→ RECORDS FOR THE TASK
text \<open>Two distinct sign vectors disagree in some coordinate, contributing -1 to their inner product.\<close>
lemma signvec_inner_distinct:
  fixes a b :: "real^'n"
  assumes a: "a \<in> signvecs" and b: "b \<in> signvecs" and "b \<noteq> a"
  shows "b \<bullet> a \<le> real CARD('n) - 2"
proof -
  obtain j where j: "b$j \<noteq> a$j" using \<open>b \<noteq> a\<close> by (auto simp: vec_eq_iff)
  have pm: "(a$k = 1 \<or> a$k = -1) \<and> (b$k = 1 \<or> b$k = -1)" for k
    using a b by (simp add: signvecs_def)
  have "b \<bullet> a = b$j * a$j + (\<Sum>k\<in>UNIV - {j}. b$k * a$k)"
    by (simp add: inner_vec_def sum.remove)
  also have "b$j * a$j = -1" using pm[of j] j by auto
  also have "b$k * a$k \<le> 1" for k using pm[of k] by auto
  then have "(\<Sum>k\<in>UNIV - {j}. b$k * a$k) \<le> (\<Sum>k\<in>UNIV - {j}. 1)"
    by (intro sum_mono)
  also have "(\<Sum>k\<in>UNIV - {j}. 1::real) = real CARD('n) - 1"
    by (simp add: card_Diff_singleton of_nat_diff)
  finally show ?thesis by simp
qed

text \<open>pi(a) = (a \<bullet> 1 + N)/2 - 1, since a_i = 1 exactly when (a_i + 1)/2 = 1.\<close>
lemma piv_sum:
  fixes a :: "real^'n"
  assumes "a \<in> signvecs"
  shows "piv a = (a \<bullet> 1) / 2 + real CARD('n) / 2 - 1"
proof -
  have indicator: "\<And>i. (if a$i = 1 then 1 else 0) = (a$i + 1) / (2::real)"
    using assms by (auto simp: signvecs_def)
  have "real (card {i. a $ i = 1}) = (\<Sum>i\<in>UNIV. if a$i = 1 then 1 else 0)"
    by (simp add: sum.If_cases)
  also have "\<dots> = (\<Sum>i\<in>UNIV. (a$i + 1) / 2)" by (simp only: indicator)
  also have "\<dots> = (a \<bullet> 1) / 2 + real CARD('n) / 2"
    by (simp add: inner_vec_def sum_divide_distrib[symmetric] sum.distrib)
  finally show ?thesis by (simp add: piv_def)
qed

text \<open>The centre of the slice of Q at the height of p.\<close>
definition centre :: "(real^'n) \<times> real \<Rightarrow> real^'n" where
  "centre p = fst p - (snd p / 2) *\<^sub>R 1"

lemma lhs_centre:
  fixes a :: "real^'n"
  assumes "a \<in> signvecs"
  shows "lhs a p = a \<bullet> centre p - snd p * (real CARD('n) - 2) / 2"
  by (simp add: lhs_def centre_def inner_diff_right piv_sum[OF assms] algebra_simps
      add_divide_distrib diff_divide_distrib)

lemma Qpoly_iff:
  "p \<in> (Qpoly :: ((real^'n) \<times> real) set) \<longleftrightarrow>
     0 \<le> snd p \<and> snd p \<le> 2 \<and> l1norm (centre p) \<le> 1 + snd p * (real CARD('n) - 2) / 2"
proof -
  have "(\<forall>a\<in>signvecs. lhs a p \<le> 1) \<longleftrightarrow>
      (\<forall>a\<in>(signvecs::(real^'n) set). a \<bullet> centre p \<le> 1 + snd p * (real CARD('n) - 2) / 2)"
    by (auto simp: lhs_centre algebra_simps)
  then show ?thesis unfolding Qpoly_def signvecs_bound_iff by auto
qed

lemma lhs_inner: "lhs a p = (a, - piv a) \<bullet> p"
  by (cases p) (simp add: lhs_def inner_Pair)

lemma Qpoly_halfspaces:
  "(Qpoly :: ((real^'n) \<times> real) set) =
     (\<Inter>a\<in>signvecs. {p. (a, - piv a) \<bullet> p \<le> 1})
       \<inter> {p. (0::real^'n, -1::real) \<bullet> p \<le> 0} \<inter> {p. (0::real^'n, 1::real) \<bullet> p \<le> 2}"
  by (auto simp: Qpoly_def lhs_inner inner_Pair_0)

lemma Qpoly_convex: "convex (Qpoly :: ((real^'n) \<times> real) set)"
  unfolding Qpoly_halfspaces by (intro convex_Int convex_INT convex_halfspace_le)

→ ABOUT THIS TASK
Return exactly the lines above from the line that has "finally show ?thesis by (simp add: piv_def)" through the line that has "(\<forall>a\<in>(signvecs::(real^'n) set). a", inclusive, and nothing else.

→ YOUR SOLUTION
  finally show ?thesis by (simp add: piv_def)
qed

text \<open>The centre of the slice of Q at the height of p.\<close>
definition centre :: "(real^'n) \<times> real \<Rightarrow> real^'n" where
  "centre p = fst p - (snd p / 2) *\<^sub>R 1"

lemma lhs_centre:
  fixes a :: "real^'n"
  assumes "a \<in> signvecs"
  shows "lhs a p = a \<bullet> centre p - snd p * (real CARD('n) - 2) / 2"
  by (simp add: lhs_def centre_def inner_diff_right piv_sum[OF assms] algebra_simps
      add_divide_distrib diff_divide_distrib)

lemma Qpoly_iff:
  "p \<in> (Qpoly :: ((real^'n) \<times> real) set) \<longleftrightarrow>
     0 \<le> snd p \<and> snd p \<le> 2 \<and> l1norm (centre p) \<le> 1 + snd p * (real CARD('n) - 2) / 2"
proof -
  have "(\<forall>a\<in>signvecs. lhs a p \<le> 1) \<longleftrightarrow>
      (\<forall>a\<in>(signvecs::(real^'n) set). a \<bullet> centre p \<le> 1 + snd p * (real CARD('n) - 2) / 2)"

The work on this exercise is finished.